Published online by Cambridge University Press: 22 November 2024
The syntax of Meskwaki (Algonquian; spoken in Iowa) is sensitive to grammatical relations such as subject, object, secondary object, and oblique, but word order is not used to distinguish subject from object. In other words, Meskwaki is an example of the type of language proposed by Mithun (1987) in which none of the six permutations of subject, verb, and object familiar from Greenberg (1966) can be identified as the basic word order. Instead, Meskwaki word order is sensitive to a template including positions specialized for discourse functions such as topic and focus. The word order template is largely flat, with no verb phrase (VP) constituent grouping together a verb and its direct object and excluding the subject. We here present a corpus-based study of a set of clauses in which word order might be predicted to play a role in distinguishing subjects from objects: clauses in which the subject and object are both marked as obviative, used for third persons peripheral to the discourse. We show below that even in this context word order is not determined by grammatical relations. Instead, word order is sensitive to the relative ranking of the two obviatives in the discourse, rather than functioning to indicate which argument is subject and which is object.

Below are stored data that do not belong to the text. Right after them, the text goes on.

lemma zeta_pow_inj: "i < p \<Longrightarrow> j < p \<Longrightarrow> \<zeta> ^ i = \<zeta> ^ j \<Longrightarrow> i = j"
  using bij_betw_roots_unity[OF p_pos] unfolding bij_betw_def inj_on_def
  by (auto simp: zeta_pow)

lemma zeta_pow_eq_iff: "\<zeta> ^ i = \<zeta> ^ j \<longleftrightarrow> i mod p = j mod p"
proof
  assume "\<zeta> ^ i = \<zeta> ^ j"
  hence "\<zeta> ^ (i mod p) = \<zeta> ^ (j mod p)" using zeta_pow_mod by metis
  thus "i mod p = j mod p" using zeta_pow_inj p_pos by auto
next
  assume "i mod p = j mod p"
  thus "\<zeta> ^ i = \<zeta> ^ j" using zeta_pow_mod by metis
qed

lemma zeta_pow_eq_1_iff: "\<zeta> ^ k = 1 \<longleftrightarrow> p dvd k"
  using zeta_pow_eq_iff[of k 0] by (simp add: dvd_eq_mod_eq_0)

lemma zeta_neq_1: "\<zeta> \<noteq> 1"
  using zeta_pow_eq_1_iff[of 1] p_ge_3 by auto

lemma norm_zeta_pow [simp]: "norm (\<zeta> ^ k) = 1"
  by (simp add: zeta_pow)

lemma cnj_zeta_pow: "cnj (\<zeta> ^ k) = \<zeta> ^ ((p - 1) * k)"
proof -
  have "\<zeta> ^ k * \<zeta> ^ ((p - 1) * k) = \<zeta> ^ (p * k)"
    using p_pos by (simp add: power_add[symmetric] algebra_simps)
  also have "\<dots> = 1" by (simp add: power_mult zeta_pow_p)
  finally have 1: "\<zeta> ^ k * \<zeta> ^ ((p - 1) * k) = 1" .
  have 2: "\<zeta> ^ k * cnj (\<zeta> ^ k) = 1"
    using complex_norm_square[of "\<zeta>^k"] by simp
  from 1 2 show ?thesis
    by (metis mult_cancel_left2 mult.commute mult.left_commute)
qed

lemma sum_zeta_pow_eq_0: "\<not> p dvd k \<Longrightarrow> (\<Sum>j<p. \<zeta> ^ (k * j)) = 0"
proof -
  assume "\<not> p dvd k"
  hence ne: "\<zeta> ^ k \<noteq> 1" using zeta_pow_eq_1_iff by simp
  have "(\<Sum>j<p. \<zeta> ^ (k * j)) = (\<Sum>j<p. (\<zeta> ^ k) ^ j)" by (simp add: power_mult)
  also have "\<dots> = ((\<zeta> ^ k) ^ p - 1) / (\<zeta> ^ k - 1)" using ne by (simp add: geometric_sum)
  also have "(\<zeta> ^ k) ^ p = 1"
    by (simp add: power_mult[symmetric] mult.commute[of k] power_mult zeta_pow_p)
  finally show ?thesis by simp
qed

lemma sum_J_zeta_pow: "(\<Sum>j\<in>J. \<zeta> ^ (j * m)) = (if p dvd m then of_nat p - 1 else -1)"
proof -
  have "{..<p} = insert 0 J" using p_pos by auto
  hence split: "(\<Sum>j<p. \<zeta> ^ (j * m)) = 1 + (\<Sum>j\<in>J. \<zeta> ^ (j * m))" by simp
  show ?thesis
  proof (cases "p dvd m")
    case True
    hence "\<And>j. \<zeta> ^ (j * m) = 1" by (simp add: zeta_pow_eq_1_iff)
    thus ?thesis using True p_pos by simp
  next
    case False
    with sum_zeta_pow_eq_0[of m] split have "1 + (\<Sum>j\<in>J. \<zeta> ^ (j * m)) = 0"
      by (simp add: mult.commute)
    thus ?thesis using False by (simp add: eq_neg_iff_add_eq_0 add.commute)
  qed
qed

lemma ZZ_iff: "x \<in> ZZ \<longleftrightarrow> (\<exists>f. x = ipoly f \<zeta>)"
  by (simp add: Zz_def ipoly_def)

lemma ZZ_ipoly [simp, intro]: "ipoly f \<zeta> \<in> ZZ"
  using ZZ_iff by blast

lemma ZZ_add [intro]: "x \<in> ZZ \<Longrightarrow> y \<in> ZZ \<Longrightarrow> x + y \<in> ZZ"
  by (metis ZZ_iff ipoly_add)

lemma ZZ_diff [intro]: "x \<in> ZZ \<Longrightarrow> y \<in> ZZ \<Longrightarrow> x - y \<in> ZZ"
  by (metis ZZ_iff ipoly_diff)

lemma ZZ_mult [intro]: "x \<in> ZZ \<Longrightarrow> y \<in> ZZ \<Longrightarrow> x * y \<in> ZZ"
  by (metis ZZ_iff ipoly_mult)

lemma ZZ_minus [intro]: "x \<in> ZZ \<Longrightarrow> - x \<in> ZZ"
  by (metis ZZ_iff ipoly_minus)

lemma ZZ_of_int [simp, intro]: "of_int n \<in> ZZ"
  by (metis ZZ_ipoly ipoly_const)

lemma ZZ_of_nat [simp, intro]: "of_nat n \<in> ZZ"
  by (metis ZZ_of_int of_int_of_nat_eq)

lemma ZZ_0 [simp, intro]: "0 \<in> ZZ"
  using ZZ_of_int[of 0] by simp

lemma ZZ_1 [simp, intro]: "1 \<in> ZZ"
  using ZZ_of_int[of 1] by simp

lemma ZZ_power [intro]: "x \<in> ZZ \<Longrightarrow> x ^ n \<in> ZZ"
  by (induction n) auto

lemma ZZ_zeta [simp, intro]: "\<zeta> \<in> ZZ"
  using ZZ_ipoly[of "monom 1 1"] by simp

lemma ZZ_zeta_pow [simp, intro]: "\<zeta> ^ n \<in> ZZ"
  using ZZ_power ZZ_zeta by blast

lemma ZZ_sum [intro]: "(\<And>i. i \<in> A \<Longrightarrow> F i \<in> ZZ) \<Longrightarrow> sum F A \<in> ZZ"
  by (induction A rule: infinite_finite_induct) auto

lemma ZZ_prod [intro]: "(\<And>i. i \<in> A \<Longrightarrow> F i \<in> ZZ) \<Longrightarrow> prod F A \<in> ZZ"
  by (induction A rule: infinite_finite_induct) auto

lemma ZZ_ipoly_at: "x \<in> ZZ \<Longrightarrow> ipoly f x \<in> ZZ"
  by (induction f) auto

lemma ZZ_cnj [intro]: "x \<in> ZZ \<Longrightarrow> cnj x \<in> ZZ"
proof -
  assume "x \<in> ZZ"
  then obtain f where "x = ipoly f \<zeta>" using ZZ_iff by blast
  hence "cnj x = ipoly f (\<zeta> ^ (p - 1))" using ipoly_cnj cnj_zeta_pow[of 1] by simp
  thus ?thesis using ZZ_ipoly_at by simp
qed

subsection \<open>The cyclotomic polynomial\<close>

definition cyclo :: "int poly" where
  "cyclo = (\<Sum>k<p. monom 1 k)"

lemma coeff_cyclo: "coeff cyclo k = (if k < p then 1 else 0)"
  by (simp add: cyclo_def coeff_sum)

lemma degree_cyclo: "degree cyclo = p - 1"
proof (rule antisym)
  show "degree cyclo \<le> p - 1"
    by (rule degree_le) (use p_pos in \<open>auto simp: coeff_cyclo\<close>)
  show "p - 1 \<le> degree cyclo" by (rule le_degree) (simp add: coeff_cyclo p_pos)
qed

lemma lead_coeff_cyclo: "lead_coeff cyclo = 1"
  by (simp add: degree_cyclo coeff_cyclo p_pos)

lemma cyclo_neq_0: "cyclo \<noteq> 0"
  using lead_coeff_cyclo by auto

lemma ipoly_cyclo: "ipoly cyclo x = (\<Sum>k<p. x ^ k)"
  by (simp add: cyclo_def ipoly_sum)

lemma ipoly_cyclo_zeta_pow: "\<not> p dvd j \<Longrightarrow> ipoly cyclo (\<zeta> ^ j) = 0"
  using sum_zeta_pow_eq_0[of j] by (simp add: ipoly_cyclo power_mult)

lemma ipoly_cyclo_zeta: "ipoly cyclo \<zeta> = 0"
  using ipoly_cyclo_zeta_pow[of 1] p_ge_3 by simp

lemma geometric_sum_monom: "(\<Sum>k<n. monom (1::int) k) * [:-1, 1:] = monom 1 n - 1"
proof (induction n)
  case (Suc n)
  have "monom (1::int) n * [:-1, 1:] = monom 1 (Suc n) - monom 1 n"
  proof -
    have "[:-1, 1:] = monom (1::int) 1 - 1" by (simp add: monom_Suc monom_0 one_pCons)
    thus ?thesis by (simp add: algebra_simps mult_monom monom_Suc)
  qed
  hence "(\<Sum>k<Suc n. monom (1::int) k) * [:-1, 1:] = (monom 1 n - 1) + (monom 1 (Suc n) - monom 1 n)"
    by (simp only: sum.lessThan_Suc distrib_right Suc)
  thus ?case by simp
qed simp

lemma coeff_cyclo_shift: "coeff (pcompose cyclo [:1, 1:]) k = int (p choose Suc k)"
proof -
  define F where "F = pcompose cyclo [:1, 1:]"
  have "pcompose (monom 1 p) q = q ^ p" for q :: "int poly"
    by (induction p) (auto simp: monom_Suc pcompose_pCons monom_0 one_pCons)
  hence "F * [:0, 1:] = [:1, 1:] ^ p - 1"
    using arg_cong[OF geometric_sum_monom[of p, folded cyclo_def], of "\<lambda>f. pcompose f [:1, 1:]"]
    by (simp add: F_def pcompose_mult pcompose_diff pcompose_pCons pcompose_1)
  moreover have "coeff F k = coeff (F * [:0, 1:]) (Suc k)" by (simp add: mult.commute[of F])
  ultimately have "coeff F k = coeff ([:1, 1:] ^ p - 1 :: int poly) (Suc k)" by simp
  also have "\<dots> = int (p choose Suc k)"
  proof (cases "Suc k \<le> p")
    case False
    hence "coeff ([:1, 1:] ^ p :: int poly) (Suc k) = 0"
      by (intro coeff_eq_0) (simp add: degree_linear_power)
    thus ?thesis using False by simp
  qed (simp add: coeff_linear_poly_power)
  finally show ?thesis by (simp add: F_def)
qed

A secondary goal of the chapter is to emphasize the value of older written texts for language documentation. For Meskwaki there is an extraordinary corpus of nearly 27,000 pages of traditional narratives and ethnographic information, written during 1911–18 in the Meskwaki syllabary (Goddard 1996) by mostly monolingual speakers of Meskwaki for Smithsonian ethnologist Truman Michelson. This corpus is stored at the Smithsonian Institution's National Anthropological Archives (NAA). As discussed in Goddard (1990b), these texts constitute a remarkably accurate record of connected speech by fluent speakers who were skilled narrators: they preserve an oral culture on paper. For linguists, the NAA corpus is invaluable for discovering the discourse conditions influencing the order of constituents in Meskwaki, a language with extremely flexible word order, or for investigating the discourse-based opposition within third person known as obviation (Thomason 2003). Both obviation and word order are extensively discussed below.